So, I still don't know what I'll think of the film, but I do like the idea of it a lot. And it's already reminded me how much I loved the original book. Which can only be a good thing.

5 comments:

deepkickgirl said...

Me too. I'm so looking forward to seeing the film but a little scared at the possibility of utter disappointment. The book means so much to me - as a child and now as a mother reading it to my children. The idea of the film being "not right" is awful. Trying to keep an open mind.

Penni Russon said...

Actually I started off being skeptical. Then I got seduced into liking the idea. But now I'm going off it again. I really admire and respect Eggers, but I think he's got this whole idealisation of childhood going in, which Sendak didn't have.

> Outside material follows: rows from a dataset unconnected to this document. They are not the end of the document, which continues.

text \<open>\<open>A'\<close> is drawn from the posterior of \<open>A\<close> given \<open>A \<union> V\<close>, so \<open>(A', A \<union> V)\<close> has the
  same law as \<open>(A, A \<union> V)\<close>.\<close>
lemma map_A'_coupling: "map_pmf (\<lambda>(A, A', V). A') coupling = \<pi>"
proof -
  have "map_pmf (\<lambda>(A, A', V). A') coupling = bind_pmf joint (\<lambda>y. posterior joint (snd y))"
    unfolding coupling_eq_bind joint_def
    by (simp add: map_bind_pmf map_pmf_comp bind_map_pmf case_prod_beta)
  also have "\<dots> = map_pmf fst joint"
    by (rule bind_posterior)
  also have "\<dots> = \<pi>"
    unfolding joint_def by (simp add: map_pmf_comp case_prod_beta map_fst_pair_pmf)
  finally show ?thesis .
qed

lemma set_pmf_coupling:
  assumes "(a, a', v) \<in> set_pmf coupling"
  shows "a \<subseteq> X" "v \<subseteq> X" "a' \<subseteq> a \<union> v"
proof -
  have av: "a \<in> set_pmf \<pi>" "v \<in> set_pmf Q" and a': "a' \<in> set_pmf (posterior joint (a \<union> v))"
    using assms unfolding coupling_def by auto
  then show "a \<subseteq> X" "v \<subseteq> X"
    using set_pmf_\<pi> set_pmf_Qp[of p X] by auto
  have "(a, a \<union> v) \<in> set_pmf joint"
    using av unfolding joint_def by force
  then have "(a', a \<union> v) \<in> set_pmf joint"
    using set_posterior[OF _ a'] by force
  then show "a' \<subseteq> a \<union> v"
    using set_pmf_joint by auto
qed

lemma finite_set_pmf_coupling: "finite (set_pmf coupling)"
proof (rule finite_subset)
  show "set_pmf coupling \<subseteq> Pow X \<times> Pow X \<times> Pow X"
    using set_pmf_coupling by fastforce
qed (use finite_X in simp)
(* Let $N$ be a binoid and let $$\infty\to S_1\xrightarrow{\phi_2}S_2\xrightarrow{\phi_3}\cdots\xrightarrow{\phi_n}S_n\to\infty$$ be a strongly exact sequence of finite $N$-sets. Then $\sum_{i=1}^n(-1)^i\,\#S_i=0$.
   Context: A binoid $(N,+,0,\infty)$ is a commutative monoid $(N,+,0)$ with an element $\infty$ satisfying $a+\infty=\infty$ for all $a\in N$. An $N$-set is a pointed set $(S,p)$ with a map $N\times S\to S$, $(n,s)\mapsto n+s$, such that $(n+m)+s=n+(m+s)$, $0+s=s$, $\infty+s=p$ and $n+p=p$; a homomorphism of $N$-sets is a map $\phi$ with $\phi(p)=p$ and $\phi(n+s)=n+\phi(s)$. Its image is $\operatorname{im}\phi=\phi(S)$ and its kernel is $\ker\phi=\phi^{-1}(p)$. The symbol $\infty$ at the ends denotes the one-point $N$-set. A sequence $S_0\xrightarrow{\phi_1}S_1\xrightarrow{\phi_2}\cdots\xrightarrow{\phi_n}S_n$ of $N$-sets is exact if $\operatorname{im}\phi_k=\ker\phi_{k+1}$ for all $k$, and strongly exact if moreover each $\phi_k$ is injective on $S_{k-1}\setminus\ker\phi_k$. For a finite pointed set $S$, $\#S=|S|-1$. *)

theory Defs
  imports Main
begin

text \<open>A binoid is modelled as a commutative monoid type 'n (with + and 0)
  together with an absorbing element infty.\<close>

definition binoid_inf :: "'n::comm_monoid_add \<Rightarrow> bool" where
  "binoid_inf infty \<longleftrightarrow> (\<forall>a::'n. a + infty = infty)"

definition nset :: "'n::comm_monoid_add \<Rightarrow> 'a set \<Rightarrow> 'a \<Rightarrow> ('n \<Rightarrow> 'a \<Rightarrow> 'a) \<Rightarrow> bool" where
  "nset infty S p act \<longleftrightarrow>
     p \<in> S \<and>
     (\<forall>n. \<forall>s\<in>S. act n s \<in> S) \<and>
     (\<forall>n m. \<forall>s\<in>S. act (n + m) s = act n (act m s)) \<and>
     (\<forall>s\<in>S. act 0 s = s) \<and>
     (\<forall>s\<in>S. act infty s = p) \<and>
     (\<forall>n. act n p = p)"

definition nset_hom ::
  "'a set \<Rightarrow> 'a \<Rightarrow> ('n \<Rightarrow> 'a \<Rightarrow> 'a) \<Rightarrow> 'b set \<Rightarrow> 'b \<Rightarrow> ('n \<Rightarrow> 'b \<Rightarrow> 'b) \<Rightarrow> ('a \<Rightarrow> 'b) \<Rightarrow> bool" where
  "nset_hom S p act T q act' \<phi> \<longleftrightarrow>
     (\<forall>s\<in>S. \<phi> s \<in> T) \<and> \<phi> p = q \<and> (\<forall>n. \<forall>s\<in>S. \<phi> (act n s) = act' n (\<phi> s))"

definition nker :: "'a set \<Rightarrow> 'b \<Rightarrow> ('a \<Rightarrow> 'b) \<Rightarrow> 'a set" where
  "nker S q \<phi> = {s \<in> S. \<phi> s = q}"

text \<open>A sequence S 0 --phi 1--> S 1 --> ... --phi m--> S m; the map phi k goes
  from S (k-1) to S k. Exactness: im phi k = ker phi (k+1) for 1 <= k < m.\<close>
definition exact_seq :: "nat \<Rightarrow> (nat \<Rightarrow> 'a set) \<Rightarrow> (nat \<Rightarrow> 'a) \<Rightarrow> (nat \<Rightarrow> 'a \<Rightarrow> 'a) \<Rightarrow> bool" where
  "exact_seq m S p \<phi> \<longleftrightarrow>
     (\<forall>k. 1 \<le> k \<and> k < m \<longrightarrow> \<phi> k ` S (k - 1) = nker (S k) (p (k + 1)) (\<phi> (k + 1)))"

definition strongly_exact_seq :: "nat \<Rightarrow> (nat \<Rightarrow> 'a set) \<Rightarrow> (nat \<Rightarrow> 'a) \<Rightarrow> (nat \<Rightarrow> 'a \<Rightarrow> 'a) \<Rightarrow> bool" where
  "strongly_exact_seq m S p \<phi> \<longleftrightarrow>
     exact_seq m S p \<phi> \<and>
     (\<forall>k. 1 \<le> k \<and> k \<le> m \<longrightarrow> inj_on (\<phi> k) (S (k - 1) - nker (S (k - 1)) (p k) (\<phi> k)))"

end

theory Submission
  imports Defs
begin

text \<open>Each #S_i splits as #(im \<phi>_i) + #(im \<phi>_(i+1)): strong exactness makes \<phi>_(i+1) a bijection
  from S_i minus its kernel onto its image minus the base point, and the kernel is im \<phi>_i.
  The alternating sum therefore telescopes, and both end terms vanish because
  S_0 and S_(n+1) are single points.\<close>

lemma alternating_sum_telescope:
  fixes a :: "nat \<Rightarrow> int"
  assumes "n \<ge> 1"
  shows "(\<Sum>i = 1..n. (-1) ^ i * (a i + a (Suc i))) = - a 1 + (-1) ^ n * a (Suc n)"
  using assms
proof (induction n rule: dec_induct)
  case base
  then show ?case by simp
next
  case (step m)
  then show ?case by (simp add: algebra_simps)
qed

lemma card_kernel_plus_card_image:
  assumes "finite A" and "a \<in> A" and "f a = q"
    and "inj_on f (A - {s \<in> A. f s = q})"
  shows "int (card A) - 1 = (int (card {s \<in> A. f s = q}) - 1) + (int (card (f ` A)) - 1)"
proof -
  let ?K = "{s \<in> A. f s = q}"
  have "card A = card ?K + card (A - ?K)"
    using \<open>finite A\<close> by (simp add: card_Diff_subset card_mono)
  moreover have "f ` A = insert q (f ` (A - ?K))" and "q \<notin> f ` (A - ?K)"
    using assms(2,3) by auto
  then have "card (f ` A) = Suc (card (A - ?K))"
    using assms(1,4) by (simp add: card_image)
  ultimately show ?thesis by simp
qed

lemma strongly_exact_seq_card_split:
  assumes "strongly_exact_seq m S p \<phi>"
    and "1 \<le> i" "i < m" "finite (S i)" "p i \<in> S i" "\<phi> (Suc i) (p i) = p (Suc i)"
  shows "int (card (S i)) - 1 =
    (int (card (\<phi> i ` S (i - 1))) - 1) + (int (card (\<phi> (Suc i) ` S i)) - 1)"
proof -
  have "\<phi> i ` S (i - 1) = {s \<in> S i. \<phi> (Suc i) s = p (Suc i)}"
    and "inj_on (\<phi> (Suc i)) (S i - {s \<in> S i. \<phi> (Suc i) s = p (Suc i)})"
    using assms(1-3) unfolding strongly_exact_seq_def exact_seq_def nker_def
    by (auto dest: spec[of _ "Suc i"])
  then show ?thesis
    using card_kernel_plus_card_image[of "S i" "p i" "\<phi> (Suc i)" "p (Suc i)"] assms(4-6) by simp
qed

theorem mainTheorem16:
  fixes infty :: "'n::comm_monoid_add"
    and n :: nat
    and S :: "nat \<Rightarrow> 'a set" and p :: "nat \<Rightarrow> 'a"
    and act :: "nat \<Rightarrow> 'n \<Rightarrow> 'a \<Rightarrow> 'a"
    and \<phi> :: "nat \<Rightarrow> 'a \<Rightarrow> 'a"
  assumes "binoid_inf infty"
    and "n \<ge> 1"
    and "\<And>i. i \<le> n + 1 \<Longrightarrow> nset infty (S i) (p i) (act i)"
    and "\<And>i. i \<le> n + 1 \<Longrightarrow> finite (S i)"
    and "S 0 = {p 0}"
    and "S (n + 1) = {p (n + 1)}"
    and "\<And>k. 1 \<le> k \<Longrightarrow> k \<le> n + 1 \<Longrightarrow>
           nset_hom (S (k - 1)) (p (k - 1)) (act (k - 1)) (S k) (p k) (act k) (\<phi> k)"
    and "strongly_exact_seq (n + 1) S p \<phi>"
  shows "(\<Sum>i = 1..n. (-1::int) ^ i * (int (card (S i)) - 1)) = 0"
proof -
  define a where "a k = int (card (\<phi> k ` S (k - 1))) - 1" for k
  have base_point: "p i \<in> S i" if "i \<le> n + 1" for i
    using assms(3)[OF that] unfolding nset_def by simp
  have hom: "\<phi> (Suc i) ` S i \<subseteq> S (Suc i)" "\<phi> (Suc i) (p i) = p (Suc i)" if "i \<le> n" for i
    using assms(7)[of "Suc i"] that unfolding nset_hom_def by auto
  have "int (card (S i)) - 1 = a i + a (Suc i)" if "1 \<le> i" "i \<le> n" for i
    unfolding a_def using strongly_exact_seq_card_split[OF assms(8)] that assms(4) base_point hom
    by simp
  then have "(\<Sum>i = 1..n. (-1::int) ^ i * (int (card (S i)) - 1))
      = (\<Sum>i = 1..n. (-1) ^ i * (a i + a (Suc i)))"
    by (intro sum.cong) auto
  also have "\<dots> = - a 1 + (-1) ^ n * a (Suc n)"
    using alternating_sum_telescope[OF assms(2)] .
  also have "\<dots> = 0"
  proof -
    have "\<phi> (Suc n) ` S n = {p (Suc n)}"
      using assms(6) hom[of n] base_point[of n] by force
    then show ?thesis
      using assms(5) unfolding a_def by simp
  qed
  finally show ?thesis .
qed

end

You should read this. Is hilarious, totally charted my initial responses:
http://stuffwhitepeoplelike.com/2009/07/13/127-where-the-wild-things-are/

Ariel said...

It could well be bad - though I think the possibility of having the book ruined is less than in a novel's adaption for film. This is really a reinterpretation of it, I think. It will be to the book as Clueless is to Emma, or Bride and Prejudice to Pride and Prejudice. So don't worry - unlikely to ruin the book for you!

Yes, it was Sendak's lack of idealisation of childhood that reeled me back in, and the fact that he chose Jonze and then Eggers. If Eggers goes there I'll be disappointed. And I have to say, after the weekend coverage, I'm veering back to sceptical. I don't know.

Thanks for that link - it's brilliant!

hackpacker said...

Not sure where I figure on the White People Like index, but it's a crucial project for the Eggman after his film Away We Go bombed. I'm really hoping it can go the distance.

Anonymous said...

Bears in the NIght was one of my favourites! I loved the brief pause before... Up Spook Hill!